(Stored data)
=== Section Start ===
(* Let $\bar{X}=\{x_0<x_1<x_2<\cdots\}$ and let $\overline{\mathrm{WCQSym}}\subseteq \mathbf{k}[[\bar X]]_{\tilde{\mathbb N}}$ be the free $\mathbf{k}$-module with basis $\{\bar M_{(\alpha_0,\alpha_1,\dots,\alpha_k)}\}$ indexed by the nonempty $\tilde{\mathbb N}$-compositions $(\alpha_0,\alpha_1,\dots,\alpha_k)$, where $\bar M_{(\alpha_0,\alpha)}:=x_0^{\alpha_0}M_\alpha$ (equivalently $\overline{\mathrm{WCQSym}}=x_0^{\varepsilon}\mathbf{k}[x_0]\,\mathrm{WCQSym}$). It is a subalgebra, with product $\bar M_{(\alpha_0,\alpha)}\bar M_{(\beta_0,\beta)}=\bar M_{(\alpha_0+\beta_0,\alpha*\beta)}$ (extended linearly in the second slot, with $(\gamma_0,\emptyset)=(\gamma_0)$). Let $\bar P$ be the $\mathbf{k}$-linear operator on $\overline{\mathrm{WCQSym}}$ with $\bar P(\bar M_{(\alpha_0,\alpha)})=\bar M_{(\varepsilon,\alpha_0,\alpha)}$. Then $(\overline{\mathrm{WCQSym}},\bar P)$ is the free commutative unitary Rota--Baxter algebra of weight $1$ generated by $x_0=\bar M_{(1)}$: it is a commutative unitary Rota--Baxter algebra of weight $1$ (with identity $\bar M_{(\varepsilon)}=x_0^{\varepsilon}$), and for every commutative unitary Rota--Baxter $\mathbf{k}$-algebra $(R,P)$ of weight $1$ and every $r\in R$ there is a unique unital Rota--Baxter algebra homomorphism $(\overline{\mathrm{WCQSym}},\bar P)\to(R,P)$ sending $x_0$ to $r$.
   Context: $\mathbf{k}$ is a commutative ring containing $\mathbb{Q}$. $\tilde{\mathbb N}=\mathbb N\cup\{\varepsilon\}$ is the commutative monoid extending the additive monoid $\mathbb N$ of nonnegative integers by a new element $\varepsilon$ with $0+\varepsilon=\varepsilon+0=\varepsilon+\varepsilon=\varepsilon$ and $n+\varepsilon=\varepsilon+n=n$ for all integers $n\ge1$. For a totally ordered countable set $Y$ of commuting variables, an $\tilde{\mathbb N}$-exponent monomial is a formal product $\prod_{y\in Y}y^{f(y)}$ with $f:Y\to\tilde{\mathbb N}$ of finite support ($y^0=1$); monomials multiply by adding exponents pointwise in $\tilde{\mathbb N}$, and $\mathbf{k}[[Y]]_{\tilde{\mathbb N}}$ is the algebra of possibly infinite $\mathbf{k}$-linear combinations of such monomials with the bilinearly extended product (well defined since each element of $\tilde{\mathbb N}$ is a sum of two elements in only finitely many ways). An $\tilde{\mathbb N}$-composition is a finite (possibly empty) sequence of elements of $\tilde{\mathbb N}\setminus\{0\}=\{\varepsilon,1,2,\dots\}$. For $X=\{x_1<x_2<\cdots\}$ and an $\tilde{\mathbb N}$-composition $\alpha=(\alpha_1,\dots,\alpha_k)$, $M_\alpha=\sum_{1\le i_1<\cdots<i_k}x_{i_1}^{\alpha_1}\cdots x_{i_k}^{\alpha_k}\in\mathbf{k}[[X]]_{\tilde{\mathbb N}}\subseteq \mathbf{k}[[\bar X]]_{\tilde{\mathbb N}}$, $M_\emptyset=1$; $\mathrm{WCQSym}$ is the $\mathbf{k}$-span of all $M_\alpha$. The quasi-shuffle product $*$ on the free $\mathbf{k}$-module on $\tilde{\mathbb N}$-compositions is the bilinear product with $\emptyset*\alpha=\alpha*\emptyset=\alpha$ and $(a,\alpha)*(b,\beta)=(a,\alpha*(b,\beta))+(b,(a,\alpha)*\beta)+(a+b,\alpha*\beta)$ for $a,b\in\tilde{\mathbb N}\setminus\{0\}$, where $(a,\cdot)$ (prepending $a$) is extended linearly. A Rota--Baxter algebra of weight $1$ is a commutative algebra $R$ with a $\mathbf{k}$-linear map $P:R\to R$ such that $P(x)P(y)=P(xP(y))+P(P(x)y)+P(xy)$ for all $x,y\in R$; morphisms are algebra homomorphisms commuting with the operators. *)

theory Defs
  imports "HOL-Library.Multiset"
begin

datatype ntil = Eps | N nat

fun nadd :: "ntil \<Rightarrow> ntil \<Rightarrow> ntil" where
  "nadd Eps Eps = Eps"
| "nadd Eps (N n) = (if n = 0 then Eps else N n)"
| "nadd (N n) Eps = (if n = 0 then Eps else N n)"
| "nadd (N m) (N n) = N (m + n)"

definition is_comp :: "ntil list \<Rightarrow> bool" where
  "is_comp c \<longleftrightarrow> N 0 \<notin> set c"

definition is_ne_comp :: "ntil list \<Rightarrow> bool" where
  "is_ne_comp c \<longleftrightarrow> c \<noteq> [] \<and> is_comp c"

fun qsh :: "ntil list \<Rightarrow> ntil list \<Rightarrow> ntil list multiset" where
  "qsh [] b = {#b#}"
| "qsh (x # a) [] = {#x # a#}"
| "qsh (x # a) (y # b) =
     image_mset (Cons x) (qsh a (y # b)) + image_mset (Cons y) (qsh (x # a) b)
     + image_mset (Cons (nadd x y)) (qsh a b)"

fun barprod :: "ntil list \<Rightarrow> ntil list \<Rightarrow> ntil list multiset" where
  "barprod (a0 # a) (b0 # b) = image_mset (Cons (nadd a0 b0)) (qsh a b)"
| "barprod _ _ = {#}"

text \<open>Elements are coefficient functions (composition \<Rightarrow> k) of finite support on
  nonempty compositions; the basis element Mbar_c is \<open>Mb c\<close>.\<close>

definition supp :: "(ntil list \<Rightarrow> 'k::zero) \<Rightarrow> ntil list set" where
  "supp f = {c. f c \<noteq> 0}"

definition WCQbar :: "(ntil list \<Rightarrow> 'k::comm_ring_1) set" where
  "WCQbar = {f. finite (supp f) \<and> (\<forall>c \<in> supp f. is_ne_comp c)}"

definition Mb :: "ntil list \<Rightarrow> ntil list \<Rightarrow> 'k::comm_ring_1" where
  "Mb c = (\<lambda>d. if d = c then 1 else 0)"

definition wadd :: "(ntil list \<Rightarrow> 'k::comm_ring_1) \<Rightarrow> (ntil list \<Rightarrow> 'k) \<Rightarrow> ntil list \<Rightarrow> 'k" where
  "wadd f g = (\<lambda>c. f c + g c)"

definition wzero :: "ntil list \<Rightarrow> 'k::comm_ring_1" where
  "wzero = (\<lambda>c. 0)"

definition wsmult :: "'k::comm_ring_1 \<Rightarrow> (ntil list \<Rightarrow> 'k) \<Rightarrow> ntil list \<Rightarrow> 'k" where
  "wsmult a f = (\<lambda>c. a * f c)"

definition wmul :: "(ntil list \<Rightarrow> 'k::comm_ring_1) \<Rightarrow> (ntil list \<Rightarrow> 'k) \<Rightarrow> ntil list \<Rightarrow> 'k" where
  "wmul f g = (\<lambda>c. \<Sum>a\<in>supp f. \<Sum>b\<in>supp g. f a * g b * of_nat (count (barprod a b) c))"

definition wone :: "ntil list \<Rightarrow> 'k::comm_ring_1" where
  "wone = Mb [Eps]"

definition Pbar :: "(ntil list \<Rightarrow> 'k::comm_ring_1) \<Rightarrow> ntil list \<Rightarrow> 'k" where
  "Pbar f = (\<lambda>c. \<Sum>a\<in>supp f. f a * Mb (Eps # a) c)"

definition x0 :: "ntil list \<Rightarrow> 'k::comm_ring_1" where
  "x0 = Mb [N 1]"

text \<open>(WCQbar, Pbar) is a commutative unitary k-algebra with a weight-1
  Rota--Baxter operator (additive group and module axioms are pointwise).\<close>
definition WCQbar_is_comm_RB_algebra :: "'k::comm_ring_1 itself \<Rightarrow> bool" where
  "WCQbar_is_comm_RB_algebra _ \<longleftrightarrow>
     (wzero :: ntil list \<Rightarrow> 'k) \<in> WCQbar \<and> (wone :: ntil list \<Rightarrow> 'k) \<in> WCQbar \<and>
     (\<forall>f\<in>(WCQbar :: (ntil list \<Rightarrow> 'k) set). \<forall>g\<in>WCQbar.
        wadd f g \<in> WCQbar \<and> wmul f g \<in> WCQbar) \<and>
     (\<forall>a. \<forall>f\<in>(WCQbar :: (ntil list \<Rightarrow> 'k) set). wsmult a f \<in> WCQbar) \<and>
     (\<forall>f\<in>(WCQbar :: (ntil list \<Rightarrow> 'k) set). Pbar f \<in> WCQbar) \<and>
     (\<forall>f\<in>(WCQbar :: (ntil list \<Rightarrow> 'k) set). \<forall>g\<in>WCQbar. \<forall>h\<in>WCQbar.
        wmul (wmul f g) h = wmul f (wmul g h) \<and>
        wmul f (wadd g h) = wadd (wmul f g) (wmul f h)) \<and>
     (\<forall>f\<in>(WCQbar :: (ntil list \<Rightarrow> 'k) set). \<forall>g\<in>WCQbar.
        wmul f g = wmul g f) \<and>
     (\<forall>f\<in>(WCQbar :: (ntil list \<Rightarrow> 'k) set). wmul wone f = f) \<and>
     (\<forall>a. \<forall>f\<in>(WCQbar :: (ntil list \<Rightarrow> 'k) set). \<forall>g\<in>WCQbar.
        wmul (wsmult a f) g = wsmult a (wmul f g)) \<and>
     (\<forall>f\<in>(WCQbar :: (ntil list \<Rightarrow> 'k) set). \<forall>g\<in>WCQbar.
        Pbar (wadd f g) = wadd (Pbar f) (Pbar g)) \<and>
     (\<forall>a. \<forall>f\<in>(WCQbar :: (ntil list \<Rightarrow> 'k) set). Pbar (wsmult a f) = wsmult a (Pbar f)) \<and>
     (\<forall>f\<in>(WCQbar :: (ntil list \<Rightarrow> 'k) set). \<forall>g\<in>WCQbar.
        wmul (Pbar f) (Pbar g) = wadd (wadd (Pbar (wmul f (Pbar g))) (Pbar (wmul (Pbar f) g))) (Pbar (wmul f g)))"

text \<open>A commutative unitary k-algebra R is a commutative ring (type class) together with
  a unital ring homomorphism phi : k \<rightarrow> R giving the scalar multiplication.\<close>
definition is_k_algebra :: "('k::comm_ring_1 \<Rightarrow> 'r::comm_ring_1) \<Rightarrow> bool" where
  "is_k_algebra phi \<longleftrightarrow> phi 1 = 1 \<and> (\<forall>a b. phi (a + b) = phi a + phi b) \<and>
     (\<forall>a b. phi (a * b) = phi a * phi b)"

definition is_RB_operator :: "('k::comm_ring_1 \<Rightarrow> 'r::comm_ring_1) \<Rightarrow> ('r \<Rightarrow> 'r) \<Rightarrow> bool" where
  "is_RB_operator phi P \<longleftrightarrow>
     (\<forall>x y. P (x + y) = P x + P y) \<and> (\<forall>a x. P (phi a * x) = phi a * P x) \<and>
     (\<forall>x y. P x * P y = P (x * P y) + P (P x * y) + P (x * y))"

definition is_RB_hom :: "('k::comm_ring_1 \<Rightarrow> 'r::comm_ring_1) \<Rightarrow> ('r \<Rightarrow> 'r)
    \<Rightarrow> ((ntil list \<Rightarrow> 'k) \<Rightarrow> 'r) \<Rightarrow> bool" where
  "is_RB_hom phi P h \<longleftrightarrow>
     h wone = 1 \<and>
     (\<forall>f\<in>WCQbar. \<forall>g\<in>WCQbar. h (wadd f g) = h f + h g \<and> h (wmul f g) = h f * h g) \<and>
     (\<forall>a. \<forall>f\<in>WCQbar. h (wsmult a f) = phi a * h f) \<and>
     (\<forall>f\<in>WCQbar. h (Pbar f) = P (h f))"

end

(*
  The product of WCQbar is the bilinear extension of a multiset-valued product on
  nonempty compositions, so the algebra axioms come down to commutativity and
  associativity of the quasi-shuffle, and the Rota-Baxter identity for Pbar is the
  first-letter recursion of the quasi-shuffle, qsh a b = a * (eps, b) + (eps, a) * b + a * b
  in terms of the basis product.

  Since Mbar(a0, a1, ..., ak) = x0^a0 * Pbar(Mbar(a1, ..., ak)), a homomorphism sending
  x0 to r is forced on the basis to r^a0 P(r^a1 P(... P(r^ak))), which gives uniqueness.
  Conversely, the weight-1 Rota-Baxter identity in R says exactly that these words
  multiply according to the quasi-shuffle recursion, so their linear extension is a
  homomorphism. All structure constants are nonnegative integers.
*)
theory Submission
  imports Defs
begin

section \<open>The quasi-shuffle product\<close>

interpretation nadd: abel_semigroup nadd
proof
  show "nadd (nadd x y) z = nadd x (nadd y z)" for x y z
    by (cases x; cases y; cases z) auto
  show "nadd x y = nadd y x" for x y
    by (cases x; cases y) auto
qed

lemma nadd_eq_N0_iff: "nadd x y = N 0 \<longleftrightarrow> x = N 0 \<and> y = N 0"
  by (cases x; cases y) auto

lemma nadd_Eps_right: "x \<noteq> N 0 \<Longrightarrow> nadd x Eps = x"
  by (cases x) auto

lemma nadd_Eps_left: "x \<noteq> N 0 \<Longrightarrow> nadd Eps x = x"
  by (cases x) auto

lemma qsh_Nil_right [simp]: "qsh a [] = {#a#}"
  by (cases a) auto

lemma qsh_commute: "qsh a b = qsh b a"
  by (induction a b rule: qsh.induct) (auto simp: nadd.commute ac_simps)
=== Section End ===
(Exercise aim) For this task, write out exactly the lines of the entries above, starting at the line with "('r \<Rightarrow> 'r) \<Rightarrow>" and ending at the line with "phi P \<longleftrightarrow>", both included, and no others.

(Problem solution)
definition is_RB_operator :: "('k::comm_ring_1 \<Rightarrow> 'r::comm_ring_1) \<Rightarrow> ('r \<Rightarrow> 'r) \<Rightarrow> bool" where
  "is_RB_operator phi P \<longleftrightarrow>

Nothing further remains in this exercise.